We found that discriminative capacity was moderate among men for minimum joint space in relation to pain and impaired function (AUCs: 0.60–0.62) but weaker for osteophyte. In agreement with these findings, knee pain was more strongly associated with minimum joint space than osteophyte in an analysis of 1001 Japanese participants from the Research on Osteoarthritis Against Disability (ROAD) study which also used the KOACAD system: minimum joint space was associated with knee pain after adjustment for potential confounders but associations regarding osteophyte were not statistically significant [19]. However, an analysis of 2039 participants from the same cohort reported that minimum joint space was significantly associated with WOMAC pain, and osteophyte was significantly associated with impaired WOMAC function after adjustment for age and BMI [36]. Moreover, a longitudinal study comprising 1525 ROAD participants found that among men, osteophyte area was an independent predictor of WOMAC pain and impaired function at the 3-year follow-up but minimum joint space was not; among women, minimum joint space was an independent predictor of these outcomes but osteophyte area was not [37]. These differences in findings could be due to differences in adjustments used, whether studies were longitudinal or cross-sectional, or the fact that some studies analysed knees as individual units whereas others regarded the knee with the lowest minimum joint space as the designated knee for each participant.

Our study has some limitations. Firstly, a healthy participant effect is, unsurprisingly, evident in HCS [14] and sample attrition across the various follow-up waves could have resulted in further selection effects. However, the cohort has been shown to be broadly comparable with participants in the nationally representative Health Survey for England [14]. Furthermore, substantial bias would only have been introduced if associations of interest differed markedly between those who participated in comparison with those who were invited to participate but chose not to; this seems unlikely.
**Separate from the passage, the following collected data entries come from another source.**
lemma length_flip_bits [simp]: "length (flip_bits x S) = length x"
  by (simp add: flip_bits_def)

lemma nth_flip_bits: "i < length x \<Longrightarrow> flip_bits x S ! i = (if i \<in> S then \<not> x ! i else x ! i)"
  by (simp add: flip_bits_def)

lemma inj_on_flip_bits: "inj_on (flip_bits x) (Pow {..<length x})"
proof (rule inj_onI)
  fix S T assume S: "S \<in> Pow {..<length x}" and T: "T \<in> Pow {..<length x}"
    and eq: "flip_bits x S = flip_bits x T"
  have "i \<in> S \<longleftrightarrow> i \<in> T" for i
  proof (cases "i < length x")
    case True
    then show ?thesis
      using arg_cong[OF eq, of "\<lambda>y. y ! i"] by (auto simp: nth_flip_bits split: if_splits)
  qed (use S T in auto)
  then show "S = T" by blast
qed

lemma flip_bits_all: "flip_bits x {..<length x} = map Not x"
  by (intro nth_equalityI) (auto simp: nth_flip_bits)

lemma finite_subsets_card: "finite {S. S \<subseteq> {..<n::nat} \<and> card S = M}"
  by (rule finite_subset[of _ "Pow {..<n}"]) auto

lemma subsets_card_nonempty: "M \<le> n \<Longrightarrow> {S. S \<subseteq> {..<n::nat} \<and> card S = M} \<noteq> {}"
  by (auto intro!: exI[of _ "{..<M}"])

lemma set_static_hypermutation:
  assumes "M \<le> length x" "y \<in> set_pmf (static_hypermutation M x)"
  shows "length y = length x"
  using assms finite_subsets_card subsets_card_nonempty
  by (auto simp: static_hypermutation_def)

lemma prob_static_hypermutation_le:
  assumes "M \<le> length x" "finite A"
  shows "measure_pmf.prob (static_hypermutation M x) A \<le> card A / (length x choose M)"
proof -
  let ?S = "{S. S \<subseteq> {..<length x} \<and> card S = M}"
  have "measure_pmf.prob (static_hypermutation M x) A = card (?S \<inter> flip_bits x -` A) / card ?S"
    using finite_subsets_card subsets_card_nonempty[OF assms(1)]
    by (simp add: static_hypermutation_def measure_pmf_of_set)
  also have "card ?S = length x choose M"
    using n_subsets[of "{..<length x}" M] by simp
  also have "card (?S \<inter> flip_bits x -` A) \<le> card A"
    by (rule card_inj_on_le[OF inj_on_subset[OF inj_on_flip_bits] _ assms(2)]) auto
  finally show ?thesis
    by (simp add: divide_right_mono)
qed

lemma static_hypermutation_all_bits:
  "static_hypermutation (length x) x = return_pmf (map Not x)"
proof -
  have "{S. S \<subseteq> {..<length x} \<and> card S = length x} = {{..<length x}}"
    using card_subset_eq[of "{..<length x}"] by auto
  then show ?thesis
    by (simp add: static_hypermutation_def pmf_of_set_singleton flip_bits_all)
qed

lemma finite_bitstrings: "finite (bitstrings n)"
  using finite_lists_length_eq[of "UNIV :: bool set" n] by (simp add: bitstrings_def)

lemma card_bitstrings: "card (bitstrings n) = 2 ^ n"
  using card_lists_length_eq[of "UNIV :: bool set" n] by (simp add: bitstrings_def)

lemma bitstrings_nonempty: "bitstrings n \<noteq> {}"
  by (auto simp: bitstrings_def intro!: exI[of _ "replicate n True"])

lemma optima_subset_bitstrings: "optima n f \<subseteq> bitstrings n"
  by (auto simp: optima_def)

lemma finite_optima: "finite (optima n f)"
  using optima_subset_bitstrings finite_bitstrings by (rule finite_subset)

lemma prob_uniform_bitstrings:
  "measure_pmf.prob (pmf_of_set (bitstrings n)) S = card (bitstrings n \<inter> S) / 2 ^ n"
  using finite_bitstrings bitstrings_nonempty card_bitstrings by (simp add: measure_pmf_of_set)

lemma ia_step_eq_map_pmf:
  "ia_step n M f s =
     map_pmf (\<lambda>y. (if f y \<ge> f (fst s) then y else fst s, snd s \<or> y \<in> optima n f))
       (static_hypermutation M (fst s))"
  by (simp add: ia_step_def map_pmf_def)

lemma ia_state_0: "ia_state n M f 0 = ia_init n f"
  by (simp add: ia_state_def)

lemma ia_state_Suc: "ia_state n M f (Suc t) = bind_pmf (ia_state n M f t) (ia_step n M f)"
  by (simp add: ia_state_def)
lemma Ob_tuple_cat [simp]: "Ob (tuple_cat bar) = UNIV"
  and Dom_tuple_cat: "Dom (tuple_cat bar) = snd"
  and Cod_tuple_cat: "Cod (tuple_cat bar) = (\<lambda>X. HM bar (fst X) (snd X))"
  and Id_tuple_cat: "Id (tuple_cat bar) = (\<lambda>ms. (did (length ms), ms))"
  and Comp_tuple_cat: "Comp (tuple_cat bar) = (\<lambda>X Y. (dcomp (fst X) (fst Y), snd Y))"
  by (simp_all add: tuple_cat_def fun_eq_iff case_prod_beta)

lemmas tuple_cat_simps = Ar_tuple_cat Dom_tuple_cat Cod_tuple_cat Id_tuple_cat Comp_tuple_cat

lemma Ar_tuple_cat_index_less:
  "X \<in> Ar (tuple_cat bar) \<Longrightarrow> \<forall>(x, e) \<in> set (concat (fst X)). x < length (snd X)"
  unfolding Ar_tuple_cat using dhom_index_less by blast

context
  fixes bar :: "'m::monoid_mult \<Rightarrow> 'm"
  assumes bar: "involution bar"
begin

lemma prod_list_flipfib:
  "prod_list (map (label_entry bar ms) (flipfib xs)) = bar (prod_list (map (label_entry bar ms) xs))"
  using bar by (induction xs) (auto simp: flipfib_Cons involution_def)

lemma HM_dcomp:
  assumes "\<forall>(k, e) \<in> set (concat G). k < length F"
  shows "HM bar (dcomp G F) ms = HM bar G (HM bar F ms)"
proof -
  have "prod_list (map (label_entry bar ms) (concat (map (\<lambda>(j, e). orient e (F ! j)) fib))) =
        prod_list (map (label_entry bar (HM bar F ms)) fib)"
    if "\<forall>(k, e) \<in> set fib. k < length F" for fib
    using that by (induction fib) (auto simp: orient_def prod_list_flipfib HM_eq_label_entry)
  then show ?thesis
    using assms
    unfolding HM_eq_label_entry[of bar "dcomp G F"] HM_eq_label_entry[of bar G]
    unfolding dcomp_eq_orient map_map o_def
    by (intro map_cong) auto
qed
Secondly, the sample size for this study was fairly small (n = 359). However, our main findings are biologically plausible and similar to those of previous studies. Thirdly, WOMAC scores were only available for individual participants and not for each knee; the worse value from both knees (highest K&L score and osteophyte, and lowest minimum joint space) was used in analyses. This may have led to an underestimation in the magnitude of the reported associations. Finally, machine learning was only performed with the ResNet family of architectures. However, this is a fairly stable architecture that has the advantage of skip connections between layers, which enables efficient gradient propagation during training. While there is a wide range of architectures in computer vision literature, some of which outperform ResNet in tasks considered in that field, we note that those architectures use millions of images for training and are not appropriate for our study. Furthermore, in a recent study by Matsoukas et al., comparing four different architectures on five different medical inference problems, ResNet achieved competitive performance [38]. Strengths of this study are that the HCS has been phenotyped according to strict protocols by highly-trained fieldworkers and managed by an experienced multi-disciplinary team.
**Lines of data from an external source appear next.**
(* Let $C\subseteq\mathbb{R}^a$ be a polyhedral convex cone and let $\mathcal{Y}_{out}$ be the set of nonzero vertices of the polytope $C\cap B_1$. Let $\mathcal{Y}_{in}\subseteq C$ be a finite nonempty set of vectors with $\|r\|=1$ for all $r\in\mathcal{Y}_{in}$, and let $\delta>0$. Suppose that for every $d\in\mathcal{Y}_{out}$ there exists $r\in\mathcal{Y}_{in}$ with $\|d-r\|\le\delta$. Then $$d_H\big(C\cap B_1,\ \operatorname{cone}\mathcal{Y}_{in}\cap B_1\big)\le\delta.$$
   Context: $\|\cdot\|$ denotes the $\ell_1$ norm and $B_1=\{y\in\mathbb{R}^a:\|y\|\le1\}$. $\operatorname{cone}\mathcal{Y}$ is the convex conic hull of $\mathcal{Y}$. The Hausdorff distance is $d_H(X,Y)=\max\{\sup_{x\in X}\inf_{y\in Y}\|x-y\|,\sup_{y\in Y}\inf_{x\in X}\|x-y\|\}$. *)

theory Defs
  imports "HOL-Analysis.Analysis"
begin

definition l1norm :: "real^'n \<Rightarrow> real" where
  "l1norm x = (\<Sum>i\<in>UNIV. \<bar>x $ i\<bar>)"

definition l1ball :: "(real^'n) set" where
  "l1ball = {y. l1norm y \<le> 1}"

definition hausdist_l1 :: "(real^'n) set \<Rightarrow> (real^'n) set \<Rightarrow> real" where
  "hausdist_l1 X Y = max (SUP x\<in>X. INF y\<in>Y. l1norm (x - y)) (SUP y\<in>Y. INF x\<in>X. l1norm (x - y))"

definition polyhedral_cone :: "(real^'n) set \<Rightarrow> bool" where
  "polyhedral_cone C \<longleftrightarrow> polyhedron C \<and> convex_cone C"

end

theory Submission
  imports Defs
begin

text \<open>By Krein--Milman, every point of the polytope C \<inter> B1 is a convex combination of its
  extreme points. The points within l1-distance \<delta> of the convex set cone Yin \<inter> B1 form a
  convex set, which contains every extreme point: the nonzero ones by hypothesis (each r \<in> Yin
  has norm 1, so lies in cone Yin \<inter> B1) and 0 trivially. Hence it contains all of C \<inter> B1.
  The other direction is free, since cone Yin \<inter> B1 \<subseteq> C \<inter> B1.\<close>

lemma l1norm_nonneg: "0 \<le> l1norm (x::real^'n)"
  unfolding l1norm_def by (simp add: sum_nonneg)

lemma l1norm_zero [simp]: "l1norm (0::real^'n) = 0"
  unfolding l1norm_def by simp

lemma l1norm_triangle: "l1norm (x + y) \<le> l1norm x + l1norm (y::real^'n)"
  unfolding l1norm_def by (simp add: sum.distrib[symmetric] sum_mono abs_triangle_ineq)

lemma l1norm_scaleR: "l1norm (c *\<^sub>R (x::real^'n)) = \<bar>c\<bar> * l1norm x"
  unfolding l1norm_def by (simp add: abs_mult sum_distrib_left)

lemma l1norm_convex_combination:
  fixes x y :: "real^'n"
  assumes "0 \<le> u" "0 \<le> v"
  shows "l1norm (u *\<^sub>R x + v *\<^sub>R y) \<le> u * l1norm x + v * l1norm y"
  using l1norm_triangle[of "u *\<^sub>R x" "v *\<^sub>R y"] assms by (simp add: l1norm_scaleR)

lemma continuous_on_l1norm: "continuous_on UNIV (l1norm :: real^'n \<Rightarrow> real)"
  unfolding l1norm_def by (intro continuous_intros)

lemma closed_l1ball: "closed (l1ball :: (real^'n) set)"
  unfolding l1ball_def
  by (intro closed_Collect_le continuous_on_const continuous_on_subset[OF continuous_on_l1norm]) auto

lemma bounded_l1ball: "bounded (l1ball :: (real^'n) set)"
  unfolding l1ball_def bounded_iff
  by (rule exI[of _ 1]) (auto intro: order_trans[OF norm_le_l1_cart] simp: l1norm_def)

lemma convex_l1_thickening:
  fixes K :: "(real^'n) set"
  assumes "convex K"
  shows "convex {x. \<exists>y\<in>K. l1norm (x - y) \<le> \<delta>}"
  unfolding convex_def
proof clarify
  fix x1 x2 y1 y2 :: "real^'n" and u v :: real
  assume y1: "y1 \<in> K" "l1norm (x1 - y1) \<le> \<delta>" and y2: "y2 \<in> K" "l1norm (x2 - y2) \<le> \<delta>"
    and uv: "0 \<le> u" "0 \<le> v" "u + v = 1"
  have "l1norm (u *\<^sub>R x1 + v *\<^sub>R x2 - (u *\<^sub>R y1 + v *\<^sub>R y2))
        = l1norm (u *\<^sub>R (x1 - y1) + v *\<^sub>R (x2 - y2))"
    by (simp add: algebra_simps)
  also have "\<dots> \<le> u * l1norm (x1 - y1) + v * l1norm (x2 - y2)"
    using uv by (intro l1norm_convex_combination)
  also have "\<dots> \<le> u * \<delta> + v * \<delta>"
    using y1 y2 uv by (intro add_mono mult_left_mono) auto
  also have "\<dots> = \<delta>"
    using uv by (simp add: distrib_right[symmetric])
  finally have "l1norm (u *\<^sub>R x1 + v *\<^sub>R x2 - (u *\<^sub>R y1 + v *\<^sub>R y2)) \<le> \<delta>" .
  moreover have "u *\<^sub>R y1 + v *\<^sub>R y2 \<in> K"
    using assms y1 y2 uv by (simp add: convex_def)
  ultimately show "\<exists>y\<in>K. l1norm (u *\<^sub>R x1 + v *\<^sub>R x2 - y) \<le> \<delta>" ..
qed

lemma convex_l1ball: "convex (l1ball :: (real^'n) set)"
  using convex_l1_thickening[OF convex_singleton, of 0 1] by (simp add: l1ball_def)

lemma convex_hull_within_l1_distance:
  fixes K :: "(real^'n) set"
  assumes "convex K" "\<forall>v\<in>E. \<exists>y\<in>K. l1norm (v - y) \<le> \<delta>" "x \<in> convex hull E"
  shows "\<exists>y\<in>K. l1norm (x - y) \<le> \<delta>"
  using hull_minimal[of E "{x. \<exists>y\<in>K. l1norm (x - y) \<le> \<delta>}" convex]
    convex_l1_thickening[OF assms(1)] assms(2,3)
  by blast

lemma compact_convex_within_l1_distance:
  fixes X K :: "(real^'n) set"
  assumes "compact X" "convex X" "convex K"
    and "\<And>v. v extreme_point_of X \<Longrightarrow> \<exists>y\<in>K. l1norm (v - y) \<le> \<delta>"
    and "x \<in> X"
  shows "\<exists>y\<in>K. l1norm (x - y) \<le> \<delta>"
proof -
  have "x \<in> convex hull {v. v extreme_point_of X}"
    using Krein_Milman_Minkowski[OF assms(1,2)] assms(5) by simp
  with assms(3,4) show ?thesis
    by (intro convex_hull_within_l1_distance) auto
qed

lemma hausdist_l1_le:
  fixes X Y :: "(real^'n) set"
  assumes "X \<noteq> {}" "Y \<noteq> {}"
    and XY: "\<forall>x\<in>X. \<exists>y\<in>Y. l1norm (x - y) \<le> \<delta>"
    and YX: "\<forall>y\<in>Y. \<exists>x\<in>X. l1norm (x - y) \<le> \<delta>"
  shows "hausdist_l1 X Y \<le> \<delta>"
proof -
  have bdd: "bdd_below ((\<lambda>z. l1norm (f z)) ` A)" for f :: "'b \<Rightarrow> real^'n" and A
    by (rule bdd_belowI[of _ 0]) (auto simp: l1norm_nonneg)
  have "(INF y\<in>Y. l1norm (x - y)) \<le> \<delta>" if "x \<in> X" for x
  proof -
    obtain y where "y \<in> Y" "l1norm (x - y) \<le> \<delta>"
      using XY \<open>x \<in> X\<close> by blast
    then show ?thesis
      using cINF_lower[OF bdd, of y Y "\<lambda>y. x - y"] by linarith
  qed
  then have "(SUP x\<in>X. INF y\<in>Y. l1norm (x - y)) \<le> \<delta>"
    using assms(1) by (intro cSUP_least) auto
  moreover have "(INF x\<in>X. l1norm (x - y)) \<le> \<delta>" if "y \<in> Y" for y
  proof -
    obtain x where "x \<in> X" "l1norm (x - y) \<le> \<delta>"
      using YX \<open>y \<in> Y\<close> by blast
    then show ?thesis
      using cINF_lower[OF bdd, of x X "\<lambda>x. x - y"] by linarith
  qed
  then have "(SUP y\<in>Y. INF x\<in>X. l1norm (x - y)) \<le> \<delta>"
    using assms(2) by (intro cSUP_least) auto
  ultimately show ?thesis
    unfolding hausdist_l1_def by simp
qed

theorem mainTheorem9:
  fixes C :: "(real^'a) set" and Yin :: "(real^'a) set" and \<delta> :: real
  assumes "polyhedral_cone C"
    and "Yin \<subseteq> C" and "finite Yin" and "Yin \<noteq> {}"
    and "\<forall>r\<in>Yin. l1norm r = 1"
    and "\<delta> > 0"
    and "\<forall>d\<in>{v. v extreme_point_of (C \<inter> l1ball) \<and> v \<noteq> 0}. \<exists>r\<in>Yin. l1norm (d - r) \<le> \<delta>"
  shows "hausdist_l1 (C \<inter> l1ball) (convex_cone hull Yin \<inter> l1ball) \<le> \<delta>"
proof -
  let ?X = "C \<inter> l1ball" and ?Y = "convex_cone hull Yin \<inter> l1ball"
  have C: "polyhedron C" "convex_cone C"
    using assms(1) by (auto simp: polyhedral_cone_def)
  have "compact ?X" "convex ?X"
    using C closed_l1ball bounded_l1ball convex_l1ball
    by (auto simp: compact_eq_bounded_closed polyhedron_imp_closed convex_cone_def
        intro: convex_Int)
  have "convex ?Y"
    by (intro convex_Int convex_convex_cone_hull convex_l1ball)
  have "0 \<in> ?Y" "Yin \<subseteq> ?Y"
    using assms(5) by (auto simp: convex_cone_hull_contains_0 hull_inc l1ball_def)
  have "?Y \<subseteq> ?X"
    using hull_minimal[of Yin C convex_cone] assms(2) C(2) by auto
  have extreme_close: "\<exists>y\<in>?Y. l1norm (v - y) \<le> \<delta>" if v: "v extreme_point_of ?X" for v
  proof (cases "v = 0")
    case True
    then show ?thesis using \<open>0 \<in> ?Y\<close> assms(6) by force
  next
    case False
    then obtain r where "r \<in> Yin" "l1norm (v - r) \<le> \<delta>"
      using v assms(7) by auto
    then show ?thesis using \<open>Yin \<subseteq> ?Y\<close> by auto
  qed
  show ?thesis
  proof (rule hausdist_l1_le)
    show "\<forall>x\<in>?X. \<exists>y\<in>?Y. l1norm (x - y) \<le> \<delta>"
      using compact_convex_within_l1_distance[OF \<open>compact ?X\<close> \<open>convex ?X\<close> \<open>convex ?Y\<close>]
        extreme_close by blast
    show "\<forall>y\<in>?Y. \<exists>x\<in>?X. l1norm (x - y) \<le> \<delta>"
      using \<open>?Y \<subseteq> ?X\<close> assms(6) by (metis diff_self l1norm_zero less_le subsetD)
  qed (use \<open>0 \<in> ?Y\<close> \<open>?Y \<subseteq> ?X\<close> in auto)
qed

end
In conclusion, observer-derived K&L scores had higher discriminative capacity for pain and function compared to minimum joint space and osteophyte, derived from the automatic KOACAD program. Among women, discriminative capacity was similar for observer- and ML-derived K&L scores. ML as an adjunct to expert observation in the classification of K&L scores may be beneficial due to the efficiency and objectivity of this method, though further work is required.